It’s summer job application season. Which means cover letter and resume-writing season. If there’s anything more apt to producing mass insanity in a student population, I don’t know what it is. Many of us have been working on applications for days or even weeks now. I rather suspect that, if letters could reflect our actual thought processes, they would read a little like this.
Dear Potential Employer #17,
Please accept my application to whichever summer position you have open. I am a student who at this point is so addled from a combination of sleeplessness and caffeine that I suspect my brain could serve as poster child for one of those ‘this is your brain on drugs’ PSAs.
I have aspired to a career in your company’s specialty field ever since I saw you were hiring and it occurred to me I might be halfway competent in such a position. I do solemnly swear I the reasons I say I am want to work with you are not the exact same reasons I gave on the other letters I have written. Honestly. Any similarity to other applications is purely coincidental.

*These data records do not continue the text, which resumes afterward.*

definition iso_gauss :: "real \<Rightarrow> 'a::euclidean_space measure" where
  "iso_gauss \<sigma> = density lborel (\<lambda>v. ennreal (\<Prod>e\<in>Basis. normal_density 0 \<sigma> (v \<bullet> e)))"

lemma space_iso_gauss[simp]: "space (iso_gauss \<sigma>) = UNIV"
  and sets_iso_gauss[measurable_cong, simp]: "sets (iso_gauss \<sigma>) = sets borel"
  by (simp_all add: iso_gauss_def)

lemma iso_gauss_density_eq_prod_Basis:
  fixes v :: "real ^ 'd"
  shows "iso_gauss_density \<sigma> v = (\<Prod>e\<in>Basis. normal_density 0 \<sigma> (v \<bullet> e))"
proof -
  have Basis: "(Basis :: (real ^ 'd) set) = range (\<lambda>i. axis i 1)"
    by (auto simp: Basis_vec_def)
  have "inj (\<lambda>i::'d. axis i (1::real))"
    by (auto simp: inj_def axis_eq_axis)
  then show ?thesis
    unfolding iso_gauss_density_def Basis by (simp add: prod.reindex inner_axis)
qed

lemma distr_eq_iso_gauss:
  fixes X :: "'w \<Rightarrow> real ^ 'd"
  assumes "distributed M lborel X (\<lambda>v. ennreal (iso_gauss_density \<sigma> v))"
  shows "distr M borel X = iso_gauss \<sigma>"
proof -
  have "distr M borel X = distr M lborel X"
    by (rule distr_cong) simp_all
  also have "\<dots> = iso_gauss \<sigma>"
    using distributed_distr_eq_density[OF assms]
    by (simp add: iso_gauss_def iso_gauss_density_eq_prod_Basis)
  finally show ?thesis .
qed

lemma nn_integral_exp_quadratic_iso_gauss:
  fixes b :: "'a::euclidean_space" and \<sigma> l :: real
  defines "a \<equiv> 1 - 2 * l * \<sigma>\<^sup>2"
  assumes \<sigma>: "\<sigma> > 0" and a: "a > 0"
  shows "(\<integral>\<^sup>+y. ennreal (exp (l * (norm y)\<^sup>2 + b \<bullet> y)) \<partial>iso_gauss \<sigma>)
      = ennreal (exp (\<sigma>\<^sup>2 * (norm b)\<^sup>2 / (2 * a)) / sqrt a ^ DIM('a))"
proof -
  define f where "f e t = exp (l * t\<^sup>2 + (b \<bullet> e) * t) * normal_density 0 \<sigma> t" for e t
  have sq_norm: "(norm z)\<^sup>2 = (\<Sum>e\<in>Basis. (z \<bullet> e)\<^sup>2)" for z :: 'a
    unfolding power2_norm_eq_inner by (subst euclidean_inner) (simp add: power2_eq_square)
  have split: "(\<Prod>e\<in>Basis. normal_density 0 \<sigma> (y \<bullet> e)) * exp (l * (norm y)\<^sup>2 + b \<bullet> y)
      = (\<Prod>e\<in>Basis. f e (y \<bullet> e))" for y
    unfolding sq_norm euclidean_inner[of b y] f_def
    by (simp add: sum_distrib_left sum.distrib[symmetric] exp_sum prod.distrib algebra_simps)
  have "(\<integral>\<^sup>+y. ennreal (exp (l * (norm y)\<^sup>2 + b \<bullet> y)) \<partial>iso_gauss \<sigma>)
      = (\<integral>\<^sup>+y. (\<Prod>e\<in>Basis. ennreal (f e (y \<bullet> e))) \<partial>lborel)"
    unfolding iso_gauss_def
    by (subst nn_integral_density)
       (auto simp: ennreal_mult'[symmetric] prod_nonneg split prod_ennreal f_def intro!: nn_integral_cong)
  also have "\<dots> = (\<Prod>e\<in>Basis. (\<integral>\<^sup>+t. ennreal (f e t) \<partial>lborel))"
    by (rule nn_integral_lborel_prod) (auto simp: f_def)
  also have "\<dots> = (\<Prod>e\<in>Basis. ennreal (exp ((b \<bullet> e)\<^sup>2 * \<sigma>\<^sup>2 / (2 * a)) / sqrt a))"
    unfolding f_def a_def using \<sigma> a[unfolded a_def] by (simp add: nn_integral_exp_quadratic_normal_density)
  also have "\<dots> = ennreal (exp (\<sigma>\<^sup>2 * (norm b)\<^sup>2 / (2 * a)) / sqrt a ^ DIM('a))"
    using a unfolding sq_norm
    by (simp add: prod_ennreal prod_dividef exp_sum[symmetric] sum_distrib_left sum_divide_distrib mult.commute)
  finally show ?thesis .
qed

lemma prob_space_iso_gauss:
  assumes "\<sigma> > 0"
  shows "prob_space (iso_gauss \<sigma> :: 'a::euclidean_space measure)"
proof
  have "(\<integral>\<^sup>+y. ennreal (exp (0 * (norm y)\<^sup>2 + 0 \<bullet> y)) \<partial>(iso_gauss \<sigma> :: 'a measure)) = 1"
    using nn_integral_exp_quadratic_iso_gauss[OF assms, of 0 0] by simp
  then show "emeasure (iso_gauss \<sigma>) (space (iso_gauss \<sigma> :: 'a measure)) = 1"
    by simp
qed

lemma inverse_sqrt_le_exp:
  fixes a :: real
  assumes "a > 0"
  shows "1 / sqrt a \<le> exp ((1 - a) / (2 * a))"
proof -
  have "(exp ((1 - a) / (2 * a)))\<^sup>2 = exp (1 / a - 1)"
    using assms by (simp add: power2_eq_square exp_add[symmetric] field_simps)
  moreover have "1 / a \<le> exp (1 / a - 1)"
    using exp_ge_add_one_self[of "1 / a - 1"] by simp
  ultimately have "sqrt (1 / a) \<le> sqrt ((exp ((1 - a) / (2 * a)))\<^sup>2)"
    by (simp add: real_sqrt_le_mono)
  then show ?thesis
    by (simp add: real_sqrt_divide)
qed

lemma nn_integral_exp_quadratic_iso_gauss_le:
  fixes v :: "'a::euclidean_space" and \<sigma> l :: real
  assumes \<sigma>: "\<sigma> > 0" and a: "2 * l * \<sigma>\<^sup>2 < 1"
  shows "(\<integral>\<^sup>+y. ennreal (exp (l * ((norm y)\<^sup>2 + 2 * (v \<bullet> y)))) \<partial>iso_gauss \<sigma>)
      \<le> ennreal (exp (l * \<sigma>\<^sup>2 * (2 * l * (norm v)\<^sup>2 + DIM('a)) / (1 - 2 * l * \<sigma>\<^sup>2)))"
proof -
  define a where "a = 1 - 2 * l * \<sigma>\<^sup>2"
  have a0: "a > 0"
    using a by (simp add: a_def)
  have "l * ((norm y)\<^sup>2 + 2 * (v \<bullet> y)) = l * (norm y)\<^sup>2 + (2 * l) *\<^sub>R v \<bullet> y" for y
    by (simp add: algebra_simps)
  then have "(\<integral>\<^sup>+y. ennreal (exp (l * ((norm y)\<^sup>2 + 2 * (v \<bullet> y)))) \<partial>iso_gauss \<sigma>)
      = ennreal (exp (\<sigma>\<^sup>2 * (norm ((2 * l) *\<^sub>R v))\<^sup>2 / (2 * a)) / sqrt a ^ DIM('a))"
    using nn_integral_exp_quadratic_iso_gauss[OF \<sigma>, of l "(2 * l) *\<^sub>R v"] a0 by (simp add: a_def)
  also have "\<dots> \<le> ennreal (exp (2 * l\<^sup>2 * \<sigma>\<^sup>2 * (norm v)\<^sup>2 / a) * exp ((1 - a) / (2 * a)) ^ DIM('a))"
  proof -
    have "\<sigma>\<^sup>2 * (norm ((2 * l) *\<^sub>R v))\<^sup>2 / (2 * a) = 2 * l\<^sup>2 * \<sigma>\<^sup>2 * (norm v)\<^sup>2 / a"
      by (simp add: power_mult_distrib field_simps)
    moreover have "1 / sqrt a ^ DIM('a) \<le> exp ((1 - a) / (2 * a)) ^ DIM('a)"
      using power_mono[OF inverse_sqrt_le_exp[OF a0], of "DIM('a)"] a0 by (simp add: power_one_over)
    then have "exp (2 * l\<^sup>2 * \<sigma>\<^sup>2 * (norm v)\<^sup>2 / a) / sqrt a ^ DIM('a)
        \<le> exp (2 * l\<^sup>2 * \<sigma>\<^sup>2 * (norm v)\<^sup>2 / a) * exp ((1 - a) / (2 * a)) ^ DIM('a)"
      using mult_left_mono[of _ _ "exp (2 * l\<^sup>2 * \<sigma>\<^sup>2 * (norm v)\<^sup>2 / a)"] by fastforce
    ultimately show ?thesis
      by (intro ennreal_leI) simp
  qed
  also have "\<dots> = ennreal (exp (l * \<sigma>\<^sup>2 * (2 * l * (norm v)\<^sup>2 + DIM('a)) / a))"
  proof -
    have "1 - a = 2 * (l * \<sigma>\<^sup>2)"
      by (simp add: a_def)
    then have "(1 - a) / (2 * a) = l * \<sigma>\<^sup>2 / a"
      by simp
    then have "2 * l\<^sup>2 * \<sigma>\<^sup>2 * (norm v)\<^sup>2 / a + DIM('a) * ((1 - a) / (2 * a))
        = l * \<sigma>\<^sup>2 * (2 * l * (norm v)\<^sup>2 + DIM('a)) / a"
      by (simp add: add_divide_distrib power2_eq_square algebra_simps)
    then show ?thesis
      by (simp add: exp_of_nat_mult[symmetric] exp_add[symmetric])
  qed
  finally show ?thesis unfolding a_def .
qed

section \<open>Integrating against an independent random variable\<close>

lemma (in prob_space) distr_Pair_eq_pair_measure_if_indep_set:
  assumes indep: "indep_set (sets (vimage_algebra (space M) Y Q)) (sets (vimage_algebra (space M) H P))"
    and Y: "Y \<in> M \<rightarrow>\<^sub>M Q" and H: "H \<in> M \<rightarrow>\<^sub>M P"
  shows "distr M Q Y \<Otimes>\<^sub>M distr M P H = distr M (Q \<Otimes>\<^sub>M P) (\<lambda>\<omega>. (Y \<omega>, H \<omega>))"
proof (rule pair_measure_eqI)
  interpret Y: prob_space "distr M Q Y"
    using Y by (rule prob_space_distr)
  interpret H: prob_space "distr M P H"
    using H by (rule prob_space_distr)
  show "sigma_finite_measure (distr M Q Y)" "sigma_finite_measure (distr M P H)" ..
  fix A B
  assume A: "A \<in> sets (distr M Q Y)" and B: "B \<in> sets (distr M P H)"
  have "(\<lambda>\<omega>. (Y \<omega>, H \<omega>)) -` (A \<times> B) \<inter> space M = (Y -` A \<inter> space M) \<inter> (H -` B \<inter> space M)"
    by auto
  moreover have "prob ((Y -` A \<inter> space M) \<inter> (H -` B \<inter> space M))
      = prob (Y -` A \<inter> space M) * prob (H -` B \<inter> space M)"
    using A B by (intro indep_setD[OF indep] in_vimage_algebra) simp_all
  ultimately show "emeasure (distr M Q Y) A * emeasure (distr M P H) B
      = emeasure (distr M (Q \<Otimes>\<^sub>M P) (\<lambda>\<omega>. (Y \<omega>, H \<omega>))) (A \<times> B)"
    using A B Y H
    by (simp add: emeasure_distr measurable_Pair emeasure_eq_measure ennreal_mult[symmetric])
qed simp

I am confident that I’m at least qualified enough for you not to regret hiring me. In any case I certainly have the creativity required to cast the same two or three prior experiences in a slightly different light with each successive application. If that’s not a demonstration of quality communication skills, I don’t know what is. In retrospect I wish I’d spent a little less time in perfectly mundane part-time or entry level jobs in recent years, and that I had done something – anything – that could be described as unorthodox (in a good way) or marketable. Having my current prospects depend on choices made back when graduation seemed an eternity away and applying for ‘real jobs’ was a remote possibility is turning out to be an incredibly trying experience.
In short, I hope I have been convincing enough that you’ll at least consider meeting me. The thought of attempting to convey my entire personality in a few short paragraphs one more time makes me want to crawl under my bed and never come out. Please call me back. I’ll be here, waiting. I’ll have my phone with me under the bed so I can’t possibly fail to answer.